Why You’ll Love This Recipe

This Thai Coconut Chicken Soup is a perfect blend of creamy, spicy, tangy, and savory flavors that come together in a comforting bowl. It’s easy to make at home and tastes just like your favorite Thai restaurant. Plus, it’s naturally gluten-free, and you can easily adapt it to be dairy-free and low-carb. Whether you’re a fan of Thai cuisine or just looking to try something new, this soup is a delicious and rewarding experience.

Ingredients

(Tip: You’ll find the full list of ingredients and measurements in the recipe card below.)

  • Chicken breast or thighs, thinly sliced

  • Coconut milk

  • Chicken broth

  • Galangal (or substitute with ginger if unavailable)

  • Lemongrass stalks

  • Kaffir lime leaves

  • Mushrooms (typically straw or white mushrooms)

  • Thai bird’s eye chilies or red chili

  • Fish sauce

  • Lime juice

  • Palm sugar or brown sugar

  • Fresh cilantro

  • Green onions (optional)

Directions

  1. In a medium pot, bring the chicken broth to a gentle boil.

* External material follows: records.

(* Let $d\geq 3$, $k\geq 1$ and $n=kd-2$. Then $\rho_n(d)(\Delta^2)$ acts on $A^n$ as multiplication by a scalar $\lambda\in A$ with $\lambda\neq 1$.
   Context: In the braid group $B_{n+1}$ with generators $s_1,\dots,s_n$, set $\Delta=(s_1s_2\cdots s_n)(s_1\cdots s_{n-1})\cdots(s_1s_2)(s_1)$. Then $\Delta^2$ is central in $B_{n+1}$. $A=\mathbb{Z}[q,q^{-1}]/(\Phi_d(q))$, where $\Phi_d$ is the $d$-th cyclotomic polynomial. $\rho_n(d):B_{n+1}\to GL_n(A)$ is the reduced Burau representation reduced mod $\Phi_d(q)$. It sends the generator $s_j$ to $T_j$, where $T_j(e_j)=-qe_j$, $T_j(e_{j-1})=e_{j-1}+qe_j$, $T_j(e_{j+1})=e_{j+1}+e_j$, and $T_j(e_k)=e_k$ for $|k-j|\geq 2$, with $e_1,\dots,e_n$ the standard basis. *)

theory Defs
  imports "HOL-Analysis.Analysis" "HOL-Computational_Algebra.Polynomial"
    "Jordan_Normal_Form.Matrix"
begin

text \<open>The d-th cyclotomic polynomial: product of (X - z) over the primitive d-th roots
  of unity z = exp(2 pi i k/d), 0 <= k < d, gcd(k,d)=1; it has integer coefficients and
  we take the unique integer polynomial mapping to it.\<close>
definition cyclotomic_C :: "nat \<Rightarrow> complex poly" where
  "cyclotomic_C d = (\<Prod>k\<in>{k. k < d \<and> coprime k d}. [:- cis (2 * pi * real k / real d), 1:])"

definition cyclotomic :: "nat \<Rightarrow> int poly" where
  "cyclotomic d = (THE p. map_poly of_int p = cyclotomic_C d)"

text \<open>Matrix of the reduced Burau generator T_j (1-based j, basis e_1..e_n) over Z[q].
  Entry (r,c) (1-based) is the e_r-coefficient of T_j(e_c).\<close>
definition burau_entry :: "nat \<Rightarrow> nat \<Rightarrow> nat \<Rightarrow> int poly" where
  "burau_entry j r c =
     (if c = j then (if r = j then [:0, -1:] else 0)
      else if c + 1 = j then (if r = c then 1 else if r = j then [:0, 1:] else 0)
      else if c = j + 1 then (if r = c then 1 else if r = j then 1 else 0)
      else (if r = c then 1 else 0))"

definition burau_T :: "nat \<Rightarrow> nat \<Rightarrow> int poly mat" where
  "burau_T n j = mat n n (\<lambda>(r, c). burau_entry j (r + 1) (c + 1))"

  2. Add sliced galangal, lemongrass (cut and smashed), and kaffir lime leaves. Simmer for about 5–10 minutes to infuse the broth.

  3. Stir in the coconut milk and bring back to a gentle simmer.

  4. Add sliced chicken and mushrooms, cooking until the chicken is just cooked through, about 5–7 minutes.

  5. Season with fish sauce, lime juice, and sugar to taste.

  6. Add chilies based on your desired spice level.

  7. Once everything is heated through and the flavors are balanced, remove from heat.

  8. Garnish with fresh cilantro and optional green onions before serving.

Servings and timing

This recipe serves 4 people.
Prep time: 10 minutes
Cook time: 20 minutes
Total time: 30 minutes

Variations

  • Vegetarian Version: Replace chicken with tofu and use vegetable broth. Use soy sauce instead of fish sauce.

  • Seafood Twist: Add shrimp instead of chicken for a variation called Tom Kha Goong.

  • Milder Flavor: Reduce or omit the chilies for a less spicy soup.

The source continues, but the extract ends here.